Sydney, June 19, 2026, 05:04 (AEST)
- Northern Star closed Thursday at A$21.50, down 1.6%, though the stock remained about 16% above its level a week earlier.
- Gold futures slid 3.1% after the Federal Reserve signalled that interest rates could rise later this year.
- Elliott’s campaign for strategic change and Northern Star’s July 29 quarterly report remain the main company-specific catalysts.
Northern Star Resources Ltd shares pulled back on Thursday, giving up part of a sharp weekly recovery as weaker bullion prices clouded the outlook for Friday’s ASX session. The shares finished at A$21.50, down 35 Australian cents, after trading between A$21.14 and A$21.63.
The retreat matters because the recovery is being priced before fresh operating evidence. Northern Star remains roughly one-third below its March high, leaving investors to weigh the prospect of faster corporate change against unresolved production concerns.
The stock also underperformed the broader market. The S&P/ASX 200 lost about 0.5%, while gold-mining peer Evolution Mining fell 1.9% and Newmont’s ASX securities slipped 0.4%. The sector-wide weakness explains part of Northern Star’s move, but not all of it.
Gold weakened further after Sydney trading ended. Spot bullion fell 0.8% to US$4,225.39 an ounce and US futures settled 3.1% lower at US$4,245.90 after the Fed kept rates unchanged but indicated that a rise could still come this year. Gold pays no interest, so higher rate expectations tend to reduce its appeal.
“The most significant thing was the hawkish tilt by the Fed,” Peter Grant, senior metals strategist at Zaner Metals, said. A stronger dollar, which reached a one-year high, added pressure because it made dollar-priced gold more expensive for buyers using other currencies. Reuters
For Northern Star, a weaker Australian dollar could cushion part of the fall in US-dollar gold when revenue is translated into local currency. Still, the bullion decline presents a direct test for a rebound driven largely by expectations of board, management and portfolio changes rather than a new production result.
Activist investor Elliott Investment Management has built a stake worth more than A$1 billion and called for a stronger board and a formal strategic review. Barrenjoey analyst Daniel Morgan said Elliott’s pressure was “going to make Northern Star act faster,” while Blackwattle Investment Partners’ Elan Miller described the board’s initial response as “less than adequate.” Reuters
Chairman Michael Chaney has acknowledged that the share price has failed to meet the board’s expectations. Northern Star is interviewing candidates for a new chief executive and an additional director with deep gold-industry experience. Chaney said a company sale was “not the right time,” though the miner remained open to serious approaches and continued to review individual assets.

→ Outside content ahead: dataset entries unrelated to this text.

lemma lambert_image_in_rectangle:
  fixes u :: "complex \<Rightarrow> complex"
  assumes S: "connected S" and u: "continuous_on S u" and "a \<in> S" "u a = 0"
    and near_one: "\<And>\<xi>. \<xi> \<in> S \<Longrightarrow> dist ((1 - u \<xi>) * exp (u \<xi>)) 1 \<le> 49/50"
  shows "u ` S \<subseteq> box (Complex (-6) (-pi)) (Complex 1 pi)"
proof (rule ccontr)
  define T where "T = box (Complex (-6) (-pi)) (Complex 1 pi)"
  assume "\<not> u ` S \<subseteq> T"
  then have "u ` S - T \<noteq> {}" by blast
  moreover have "0 \<in> u ` S \<inter> T" using \<open>a \<in> S\<close> \<open>u a = 0\<close> by (force simp: T_def in_box_complex_iff)
  moreover have "connected (u ` S)" using u S by (rule connected_continuous_image)
  ultimately obtain \<xi> where "\<xi> \<in> S" "u \<xi> \<in> frontier T"
    using connected_Int_frontier by blast
  moreover have "frontier T = cbox (Complex (-6) (-pi)) (Complex 1 pi) - T"
    using \<open>0 \<in> u ` S \<inter> T\<close> by (auto simp: T_def frontier_box)
  ultimately show False
    using near_one dist_lambert_map_frontier_rectangle[of "u \<xi>"] by (force simp: T_def)
qed

lemma norm_le_of_in_rectangle:
  fixes z :: complex
  assumes "z \<in> box (Complex (-6) (-pi)) (Complex 1 pi)"
  shows "norm z \<le> 34/5"
proof -
  have "\<bar>Re z\<bar> \<le> 6" "\<bar>Im z\<bar> \<le> pi" using assms by (auto simp: in_box_complex_iff)
  then have "(Re z)\<^sup>2 \<le> 6\<^sup>2" "(Im z)\<^sup>2 \<le> pi\<^sup>2" by (simp_all only: power2_le_iff_abs_le)
  then have "(norm z)\<^sup>2 \<le> (34/5)\<^sup>2"
    using pi_squared_less_10 by (simp add: cmod_power2 power2_eq_square[of "34/5"])
  then show ?thesis by (rule power2_le_imp_le) simp
qed

lemma lambert_taylor_coeff_bound:
  fixes u :: "complex \<Rightarrow> complex"
  assumes holo: "u holomorphic_on ball 0 (sqrt 2)" and "u 0 = 0"
    and lambert: "\<And>\<xi>. \<xi> \<in> ball 0 (sqrt 2) \<Longrightarrow> (1 - u \<xi>) * exp (u \<xi>) = 1 - \<xi>\<^sup>2/2"
  shows "norm (taylor_coeff u n) \<le> 34/5 / (7/5) ^ n"
proof -
  have "7/5 < sqrt (2::real)" by (rule real_less_rsqrt) (simp add: power2_eq_square)
  then have disc: "cball (0::complex) (7/5) \<subseteq> ball 0 (sqrt 2)" by (simp add: cball_subset_ball_iff)
  have cont: "continuous_on (cball 0 (7/5)) u"
    using holo disc by (meson holomorphic_on_imp_continuous_on continuous_on_subset)
  have rect: "u ` cball 0 (7/5) \<subseteq> box (Complex (-6) (-pi)) (Complex 1 pi)"
  proof (rule lambert_image_in_rectangle[OF _ cont])
    show "dist ((1 - u \<xi>) * exp (u \<xi>)) 1 \<le> 49/50" if "\<xi> \<in> cball 0 (7/5)" for \<xi>
    proof -
      have "dist ((1 - u \<xi>) * exp (u \<xi>)) 1 = norm (\<xi>\<^sup>2) / 2"
        using lambert that disc by (auto simp: dist_norm norm_divide)
      also have "\<dots> \<le> (7/5)\<^sup>2 / 2" using that by (simp add: norm_power power_mono)
      finally show ?thesis by (simp add: power2_eq_square)
    qed
  qed (use \<open>u 0 = 0\<close> in auto)
  show ?thesis
  proof (rule norm_taylor_coeff_le[OF _ cont])
    show "u holomorphic_on ball 0 (7/5)"
      using holo disc ball_subset_cball holomorphic_on_subset by blast
    show "norm (u z) \<le> 34/5" if "norm z = 7/5" for z
      using rect that by (intro norm_le_of_in_rectangle) auto
  qed simp
qed

lemma lambert_ode:
  fixes u :: "complex \<Rightarrow> complex"
  assumes holo: "u holomorphic_on S" and S: "open S" "\<xi> \<in> S"
    and lambert: "\<And>\<xi>. \<xi> \<in> S \<Longrightarrow> (1 - u \<xi>) * exp (u \<xi>) = 1 - \<xi>\<^sup>2/2"
  shows "u \<xi> * deriv u \<xi> * (2 - \<xi>\<^sup>2) = 2 * \<xi> * (1 - u \<xi>)"
proof -
  have du: "(u has_field_derivative deriv u \<xi>) (at \<xi>)"
    using holo S by (rule holomorphic_derivI)
  have "((\<lambda>x. (1 - u x) * exp (u x)) has_field_derivative - (u \<xi> * deriv u \<xi> * exp (u \<xi>))) (at \<xi>)"
    using du by (auto intro!: derivative_eq_intros simp: algebra_simps)
  then have "((\<lambda>x. 1 - x\<^sup>2/2) has_field_derivative - (u \<xi> * deriv u \<xi> * exp (u \<xi>))) (at \<xi>)"
    using S lambert by (rule has_field_derivative_transform_within_open)
  moreover have "((\<lambda>x. 1 - x\<^sup>2/2) has_field_derivative - \<xi>) (at \<xi>)"
    by (auto intro!: derivative_eq_intros)
  ultimately have key: "u \<xi> * deriv u \<xi> * exp (u \<xi>) = \<xi>"
    using DERIV_unique by fastforce
  have "2 - \<xi>\<^sup>2 = 2 * ((1 - u \<xi>) * exp (u \<xi>))"
    using lambert[OF S(2)] by simp
  then have "u \<xi> * deriv u \<xi> * (2 - \<xi>\<^sup>2) = 2 * (1 - u \<xi>) * (u \<xi> * deriv u \<xi> * exp (u \<xi>))"
    by (simp only: mult_ac)
  also have "\<dots> = 2 * \<xi> * (1 - u \<xi>)"
    unfolding key by (simp only: mult_ac)
  finally show ?thesis .
qed

lemma lambert_fps_ode:
  fixes u :: "complex \<Rightarrow> complex"
  assumes holo: "u holomorphic_on ball 0 R" and "0 < R"
    and lambert: "\<And>\<xi>. \<xi> \<in> ball 0 R \<Longrightarrow> (1 - u \<xi>) * exp (u \<xi>) = 1 - \<xi>\<^sup>2/2"
  defines "U \<equiv> fps_expansion u 0"
  shows "U * fps_deriv U * (2 - fps_X\<^sup>2) = 2 * fps_X * (1 - U)"
proof (rule fps_expansion_unique_complex)
  have U: "u has_fps_expansion U"
    unfolding U_def using holo \<open>0 < R\<close> by (intro has_fps_expansion_fps_expansion) auto
  have ev: "eventually (\<lambda>\<xi>. 2 * \<xi> * (1 - u \<xi>) = u \<xi> * deriv u \<xi> * (2 - \<xi>\<^sup>2)) (nhds 0)"
    using lambert_ode[OF holo _ _ lambert] \<open>0 < R\<close>
    by (intro eventually_nhds_in_open[THEN eventually_mono, of "ball 0 R"]) auto
  moreover have "(\<lambda>\<xi>. u \<xi> * deriv u \<xi> * (2 - \<xi>\<^sup>2)) has_fps_expansion U * fps_deriv U * (2 - fps_X\<^sup>2)"
    using U by (intro fps_expansion_intros)
  ultimately show "(\<lambda>\<xi>. 2 * \<xi> * (1 - u \<xi>)) has_fps_expansion U * fps_deriv U * (2 - fps_X\<^sup>2)"
    using has_fps_expansion_cong[OF ev refl] by simp
  show "(\<lambda>\<xi>. 2 * \<xi> * (1 - u \<xi>)) has_fps_expansion 2 * fps_X * (1 - U)"
    using U by (intro fps_expansion_intros)
qed

lemma lambert_fps_nth:
  fixes U :: "complex fps"
  assumes ode: "U * fps_deriv U * (2 - fps_X\<^sup>2) = 2 * fps_X * (1 - U)"
    and U0: "U $ 0 = 0" and U1: "U $ 1 = 1"
  shows "U $ 2 = -1/3" "U $ 3 = 11/72" "U $ 4 = -43/540" "U $ 5 = 769/17280"
    "U $ 6 = -221/8505" "U $ 7 = 680863/43545600" "U $ 8 = -1963/204120"
    "U $ 9 = 226287557/37623398400" "U $ 10 = -5776369/1515591000"
proof -
  define P where "P = U * fps_deriv U"
  have "(P * (2 - fps_X\<^sup>2)) $ m = 2 * P $ m - P $ (m - 2)" if "2 \<le> m" for m
    using that by (simp add: algebra_simps fps_X_power_mult_right_nth numeral_fps_const)
  moreover have "(2 * fps_X * (1 - U)) $ m = - 2 * U $ (m - 1)" if "2 \<le> m" for m
    using that by (simp add: mult.assoc)
  ultimately have rec: "2 * P $ m - P $ (m - 2) = - 2 * U $ (m - 1)" if "2 \<le> m" for m
    using ode that by (metis P_def)
  have P: "P $ m = (\<Sum>i\<le>m. U $ i * (of_nat (m + 1 - i) * U $ (m + 1 - i)))" for m
    unfolding P_def fps_mult_nth fps_deriv_nth atLeast0AtMost
    by (intro sum.cong) (auto simp: Suc_diff_le)
  have U1': "U $ Suc 0 = 1" using U1 by simp \<comment> \<open>the index arithmetic below produces \<open>Suc 0\<close>\<close>
  \<comment> \<open>As \<open>U $ 0 = 0\<close>, the \<open>m\<close>-th equation is linear in \<open>U $ m\<close> with coefficient \<open>2(m + 1)\<close>.\<close>
  show c2: "U $ 2 = -1/3"
    using rec[of 2] unfolding P by (simp add: atMost_nat_numeral U0 U1') (simp add: field_simps; algebra)
  show c3: "U $ 3 = 11/72"
    using rec[of 3] unfolding P by (simp add: atMost_nat_numeral U0 U1' c2) (simp add: field_simps; algebra)
  show c4: "U $ 4 = -43/540"
    using rec[of 4] unfolding P by (simp add: atMost_nat_numeral U0 U1' c2 c3) (simp add: field_simps; algebra)
  show c5: "U $ 5 = 769/17280"
    using rec[of 5] unfolding P by (simp add: atMost_nat_numeral U0 U1' c2 c3 c4) (simp add: field_simps; algebra)
  show c6: "U $ 6 = -221/8505"
    using rec[of 6] unfolding P by (simp add: atMost_nat_numeral U0 U1' c2 c3 c4 c5) (simp add: field_simps; algebra)
  show c7: "U $ 7 = 680863/43545600"
    using rec[of 7] unfolding P by (simp add: atMost_nat_numeral U0 U1' c2 c3 c4 c5 c6) (simp add: field_simps; algebra)
  show c8: "U $ 8 = -1963/204120"
    using rec[of 8] unfolding P by (simp add: atMost_nat_numeral U0 U1' c2 c3 c4 c5 c6 c7) (simp add: field_simps; algebra)
  show c9: "U $ 9 = 226287557/37623398400"
    using rec[of 9] unfolding P by (simp add: atMost_nat_numeral U0 U1' c2 c3 c4 c5 c6 c7 c8) (simp add: field_simps; algebra)
  show "U $ 10 = -5776369/1515591000"
    using rec[of 10] unfolding P by (simp add: atMost_nat_numeral U0 U1' c2 c3 c4 c5 c6 c7 c8 c9) (simp add: field_simps; algebra)
qed

lemma lambert_small_taylor_coeff_bound:
  fixes u :: "complex \<Rightarrow> complex"
  assumes holo: "u holomorphic_on ball 0 R" and "0 < R" and "u 0 = 0" and "deriv u 0 = 1"
    and lambert: "\<And>\<xi>. \<xi> \<in> ball 0 R \<Longrightarrow> (1 - u \<xi>) * exp (u \<xi>) = 1 - \<xi>\<^sup>2/2"
    and "2 \<le> n" "n \<le> 10"
  shows "norm (taylor_coeff u n) < 2 * (4/5) ^ n \<and> norm (taylor_coeff u n) \<le> 1"
proof -
  define U where "U = fps_expansion u 0"
  have U_nth: "taylor_coeff u k = U $ k" for k
    by (simp add: U_def fps_expansion_def taylor_coeff_def)
  have ode: "U * fps_deriv U * (2 - fps_X\<^sup>2) = 2 * fps_X * (1 - U)"
    unfolding U_def using holo \<open>0 < R\<close> lambert by (rule lambert_fps_ode)
  have "U $ 0 = 0" "U $ 1 = 1"
    using \<open>u 0 = 0\<close> \<open>deriv u 0 = 1\<close> by (simp_all add: U_nth[symmetric] taylor_coeff_def)
  note U_values = lambert_fps_nth[OF ode this]
  have "n \<in> {2, 3, 4, 5, 6, 7, 8, 9, 10}" using \<open>2 \<le> n\<close> \<open>n \<le> 10\<close> by (simp, presburger)
  then show ?thesis by (auto simp: U_nth U_values norm_divide power_divide)
qed

lemma geometric_bounds_from_11:
  fixes n :: nat
  assumes "11 \<le> n"
  shows "34/5 * (5/7::real) ^ n < 2 * (4/5) ^ n" "2 * (4/5::real) ^ n < 1"
proof -
  obtain k where n: "n = 11 + k" using assms le_Suc_ex by blast
  have "34/5 * (5/7::real) ^ n = (34/5 * (5/7) ^ 11) * (5/7) ^ k" by (simp add: n power_add)
  also have "\<dots> < (2 * (4/5) ^ 11) * (5/7) ^ k" by (intro mult_strict_right_mono) (auto simp: power_divide)
  also have "\<dots> \<le> (2 * (4/5) ^ 11) * (4/5) ^ k" by (intro mult_left_mono power_mono) auto
  also have "\<dots> = 2 * (4/5) ^ n" by (simp add: n power_add)
  finally show "34/5 * (5/7::real) ^ n < 2 * (4/5) ^ n" .
  have "2 * (4/5::real) ^ n = (2 * (4/5) ^ 11) * (4/5) ^ k" by (simp add: n power_add)
  also have "\<dots> \<le> 2 * (4/5) ^ 11" by (intro mult_left_le power_le_one) auto
  also have "\<dots> < 1" by (simp add: power_divide)
  finally show "2 * (4/5::real) ^ n < 1" .
qed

The company’s buyback — purchases of its own shares using corporate cash — offers some support. Northern Star had repurchased about 5.70 million shares for roughly A$116 million through June 12, leaving up to 16.93 million shares under the programme’s stated share limit. The purchases add a regular buyer, but they do not fix mine output or cost problems.
But the downside case remains clear. Northern Star sold 380,807 ounces in the March quarter at an all-in sustaining cost, or AISC, of A$2,709 an ounce; AISC is a broad measure of what it costs to keep producing gold. Its fiscal 2026 outlook calls for more than 1.5 million ounces at A$2,600 to A$2,800 an ounce, and Managing Director Stuart Tonkin said delivery remained “particularly dependent on mill throughput at KCGM.” Another throughput shortfall, a delay to the expanded Fimiston plant or a deeper gold decline could unwind the recent share recovery. NSR Limited
Friday is scheduled as a normal ASX trading day. After the bullion selloff, investors will watch the opening price, the Australian dollar and any further response in the Elliott dispute. The next scheduled operating checkpoint is the June-quarter report on July 29; until then, Northern Star’s shares are likely to trade between two competing forces — weaker gold and stronger expectations for corporate change.